Hopefully, the woman who spoke with Zerrillo will call the state police and provide needed information, he said.
Phillip Zerrillo II said in an interview Friday he was approached by the woman in February as he stopped one morning for coffee and fuel at the Xtra-Mart gas station at 32 Peruville Road in Lansing.
The woman pulled up in a minivan next to Zerrillo’s truck, which advertised Zerrillo Construction on the side, and told Zerrillo she was a passenger in the vehicle that struck his father and said who the driver was, the younger Zerrillo said.
Zerrillo said he was so shocked by the information he did not think to write down the name of the driver and has forgotten the information.
Phillip Zerrillo was struck about 2 a.m. May 26, 1990, as he walked home along Kinney Gulf Road near the intersection of Hoy Road from a party at his mother’s and stepfather’s West Homer home.
Zerrillo was lying in a field along the north side of the roadway after the accident, Michael Compton, one of the first state troopers on the scene, said in a phone interview Monday. Compton, who is now the Preble fire chief, retired as a sergeant from the state police in 2008.
Zerrillo was conscious and able to speak at the scene, Compton said.
“He said he was hit by a vehicle, but couldn’t offer any description of the vehicle at that time,” Compton said.
While they were talking, the ambulance arrived to take Zerrillo to Cortland Memorial Hospital, he said.
Zerrillo died of internal injuries while on the way to the hospital, Compton said.

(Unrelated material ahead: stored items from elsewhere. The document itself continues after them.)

lemma lift_matrix_mult:
  "lift_matrix A (v, w, s) *v x = vec_of_block w (A s *v vec_block x v)"
  by (simp add: vec_eq_iff matrix_vector_mult_def sum_UNIV_prod_swap lift_matrix_def kron_def outer_def
      basis_e_def axis_def vec_of_block_def vec_block_def if_distrib[of "\<lambda>t. t * _"]
      cong: if_cong)

lemma quad_form_congruence_diff:
  "x \<bullet> ((transpose L ** Q ** L - c *\<^sub>R Q) *v x) = quad_form Q (L *v x) - c * quad_form Q x"
proof -
  have "x \<bullet> ((transpose L ** Q ** L) *v x) = x \<bullet> (transpose L *v (Q *v (L *v x)))"
    by (simp add: matrix_vector_mul_assoc matrix_mul_assoc)
  also have "\<dots> = quad_form Q (L *v x)"
    by (metis dot_lmul_matrix vector_transpose_matrix)
  finally show ?thesis
    by (simp add: matrix_vector_mult_diff_rdistrib inner_diff_right
        scaleR_matrix_vector_assoc[symmetric])
qed

lemma quad_form_vec_of_block: "quad_form Q (vec_of_block v y) = quad_form (diag_block Q v) y"
proof -
  have "vec_block (Q *v vec_of_block v y) v = diag_block Q v *v y"
    by (simp add: vec_eq_iff vec_block_def vec_of_block_def diag_block_def matrix_vector_mult_def
        sum_UNIV_prod_swap if_distrib[of "\<lambda>t. _ * t"] cong: if_cong)
  then show ?thesis
    by (simp add: inner_eq_sum_vec_block[of "vec_of_block v y"] vec_block_vec_of_block
        if_distrib[of "\<lambda>t. t \<bullet> _"] cong: if_cong)
qed

lemma vec_block_block_diag_mult: "vec_block (block_diag Q *v x) a = Q a *v vec_block x a"
  by (simp add: vec_eq_iff vec_block_def matrix_vector_mult_def block_diag_def sum_UNIV_prod_swap
      if_distrib[of "\<lambda>t. t * _"] cong: if_cong)

lemma quad_form_block_diag: "quad_form (block_diag Q) x = (\<Sum>a\<in>UNIV. quad_form (Q a) (vec_block x a))"
  by (simp add: inner_eq_sum_vec_block vec_block_block_diag_mult)

lemma diag_block_block_diag [simp]: "diag_block (block_diag Q) v = Q v"
  by (simp add: diag_block_def block_diag_def vec_eq_iff)

lemma sym_posdef_quad_form_nonneg: "sym_posdef Q \<Longrightarrow> 0 \<le> quad_form Q x"
  unfolding sym_posdef_def by (cases "x = 0") (auto intro: less_imp_le)

lemma sym_posdef_sym: "sym_posdef Q \<Longrightarrow> Q $ i $ j = Q $ j $ i"
  unfolding sym_posdef_def by (metis transpose_def vec_lambda_beta)

lemma sym_posdef_diag_block:
  assumes "sym_posdef Q"
  shows "sym_posdef (diag_block Q v)"
  unfolding sym_posdef_def
proof (intro conjI allI impI)
  show "transpose (diag_block Q v) = diag_block Q v"
    using assms by (simp add: vec_eq_iff transpose_def diag_block_def sym_posdef_sym)
  fix y :: "real^'b" assume "y \<noteq> 0"
  then show "quad_form (diag_block Q v) y > 0"
    using assms by (simp add: sym_posdef_def vec_of_block_eq_0_iff flip: quad_form_vec_of_block)
qed

lemma sym_posdef_block_diag:
  assumes "\<And>v. sym_posdef (Q v)"
  shows "sym_posdef (block_diag Q)"
  unfolding sym_posdef_def
proof (intro conjI allI impI)
  show "transpose (block_diag Q) = block_diag Q"
    using assms by (simp add: vec_eq_iff transpose_def block_diag_def sym_posdef_sym)
  fix x :: "real^('a \<times> 'b)" assume "x \<noteq> 0"
  then obtain a i where "x $ (a, i) \<noteq> 0" by (auto simp: vec_eq_iff)
  then have "vec_block x a \<noteq> 0" by (auto simp: vec_block_def vec_eq_iff)
  then show "quad_form (block_diag Q) x > 0" unfolding quad_form_block_diag
    using assms by (intro sum_pos2[where i=a]) (auto simp: sym_posdef_def sym_posdef_quad_form_nonneg)
qed

lemma sym_posdef_quad_form_lower_bound:
  fixes Q :: "real^'n::finite^'n"
  assumes "sym_posdef Q"
  shows "\<exists>m>0. \<forall>x. m * (norm x)\<^sup>2 \<le> quad_form Q x"
proof -
  have "continuous_on (sphere 0 1) (quad_form Q)"
    by (intro continuous_intros linear_continuous_on matrix_vector_mul_bounded_linear)
  moreover have "sphere (0::real^'n) 1 \<noteq> {}"
    using norm_axis_1[of undefined] by (metis dist_0_norm mem_sphere empty_iff)
  ultimately obtain u where u: "u \<in> sphere 0 1" "\<forall>y \<in> sphere 0 1. quad_form Q u \<le> quad_form Q y"
    using continuous_attains_inf[OF compact_sphere] by blast
  have "quad_form Q u * (norm x)\<^sup>2 \<le> quad_form Q x" for x
  proof (cases "x = 0")
    case False
    have "quad_form Q u \<le> quad_form Q ((1 / norm x) *\<^sub>R x)"
      using False by (intro u(2)[rule_format]) simp
    also have "\<dots> = quad_form Q x / (norm x)\<^sup>2"
      by (simp add: matrix_vector_mult_scaleR power2_eq_square divide_inverse)
    finally show ?thesis using False by (simp add: pos_le_divide_eq)
  qed simp
  moreover have "u \<noteq> 0"
    using u(1) by auto
  then have "quad_form Q u > 0"
    using assms by (simp add: sym_posdef_def)
  ultimately show ?thesis by blast
qed

lemma quad_form_upper_bound: "\<exists>K\<ge>0. \<forall>x. quad_form (Q::real^'n::finite^'n) x \<le> K * (norm x)\<^sup>2"
proof -
  obtain K where K: "K > 0" "\<And>x. norm (Q *v x) \<le> norm x * K"
    using bounded_linear.pos_bounded[OF matrix_vector_mul_bounded_linear[of Q]] by blast
  have "quad_form Q x \<le> K * (norm x)\<^sup>2" for x
  proof -
    have "quad_form Q x \<le> norm x * norm (Q *v x)" by (rule norm_cauchy_schwarz)
    also have "\<dots> \<le> norm x * (norm x * K)" by (intro mult_left_mono K(2)) simp
    finally show ?thesis by (simp add: power2_eq_square mult_ac)
  qed
  then show ?thesis using K(1) by (intro exI[of _ K]) auto
qed

lemma qnorm_matrix_vector_bound:
  fixes Qv Qw A :: "real^'n::finite^'n"
  assumes "sym_posdef Qv"
  shows "\<exists>g\<ge>0. \<forall>x. qnorm Qw (A *v x) \<le> g * qnorm Qv x"
proof -
  obtain m where m: "m > 0" "\<And>x. m * (norm x)\<^sup>2 \<le> quad_form Qv x"
    using sym_posdef_quad_form_lower_bound[OF assms] by blast
  obtain K where K: "K \<ge> 0" "\<And>x. quad_form Qw x \<le> K * (norm x)\<^sup>2"
    using quad_form_upper_bound by blast
  obtain B where B: "B > 0" "\<And>x. norm (A *v x) \<le> norm x * B"
    using bounded_linear.pos_bounded[OF matrix_vector_mul_bounded_linear[of A]] by blast
  define g where "g = sqrt K * B / sqrt m"
  have g: "g \<ge> 0" using K B m by (simp add: g_def)
  have "qnorm Qw (A *v x) \<le> g * qnorm Qv x" for x
  proof -
    have "qnorm Qw (A *v x) \<le> sqrt (K * (norm (A *v x))\<^sup>2)"
      unfolding qnorm_def by (intro real_sqrt_le_mono K(2))
    also have "\<dots> = sqrt K * norm (A *v x)" by (simp add: real_sqrt_mult)
    also have "\<dots> \<le> sqrt K * (norm x * B)" using K(1) by (intro mult_left_mono B(2)) simp
    also have "\<dots> = g * sqrt (m * (norm x)\<^sup>2)" using m by (simp add: g_def real_sqrt_mult)
    also have "\<dots> \<le> g * qnorm Qv x"
      unfolding qnorm_def by (intro mult_left_mono real_sqrt_le_mono m(2) g)
    finally show ?thesis .
  qed
  then show ?thesis using g by blast
qed

lemma qnorm_le_iff_quad_form:
  assumes "0 \<le> \<gamma>" "0 \<le> quad_form Qv x"
  shows "qnorm Qw y \<le> \<gamma> * qnorm Qv x \<longleftrightarrow> quad_form Qw y \<le> \<gamma>\<^sup>2 * quad_form Qv x"
proof -
  have "\<gamma> * qnorm Qv x = sqrt (\<gamma>\<^sup>2 * quad_form Qv x)"
    using assms(1) by (simp add: qnorm_def real_sqrt_mult)
  then show ?thesis by (simp add: qnorm_def)
qed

A woman in her 30s came across the debris-strewn section of Kinney Gulf Road, spotted Zerrillo and stopped to help, he said. Compton could not remember the woman’s name.
There was no evidence at the scene the vehicle that struck Zerrillo swerved or stopped after the accident, Compton said.
While cell phones were not widely available at the time of the accident, the driver of the vehicle that struck Zerrillo could have stopped in at the gas stations at the corner of Route 281 and Route 222 and used the pay phones at those stores, he said.
“It’s just frustrating not being able to locate who had hit this gentleman and wouldn’t care enough to stop and make sure he was OK,” Compton said.
Compton was pleased the state police were soliciting information and trying to reopen the cold case.
“I think it’s great,” he said, adding that even though the statute of limitations on criminal charges has run out in the case, the family would have some closure.
Manslaughter charges have a statute of limitations of five years. It was unclear this morning if there is any statue of limitations regarding civil lawsuits in hit and run fatality cases.
Compton was puzzled by the actions of the woman who reportedly approached the younger Zerrillo at the Lansing gas station.
“That’s kind of odd to me,” he said, adding the woman seemed to have something she wanted to get off her chest. “And maybe she’ll actually reach out and do the right thing.”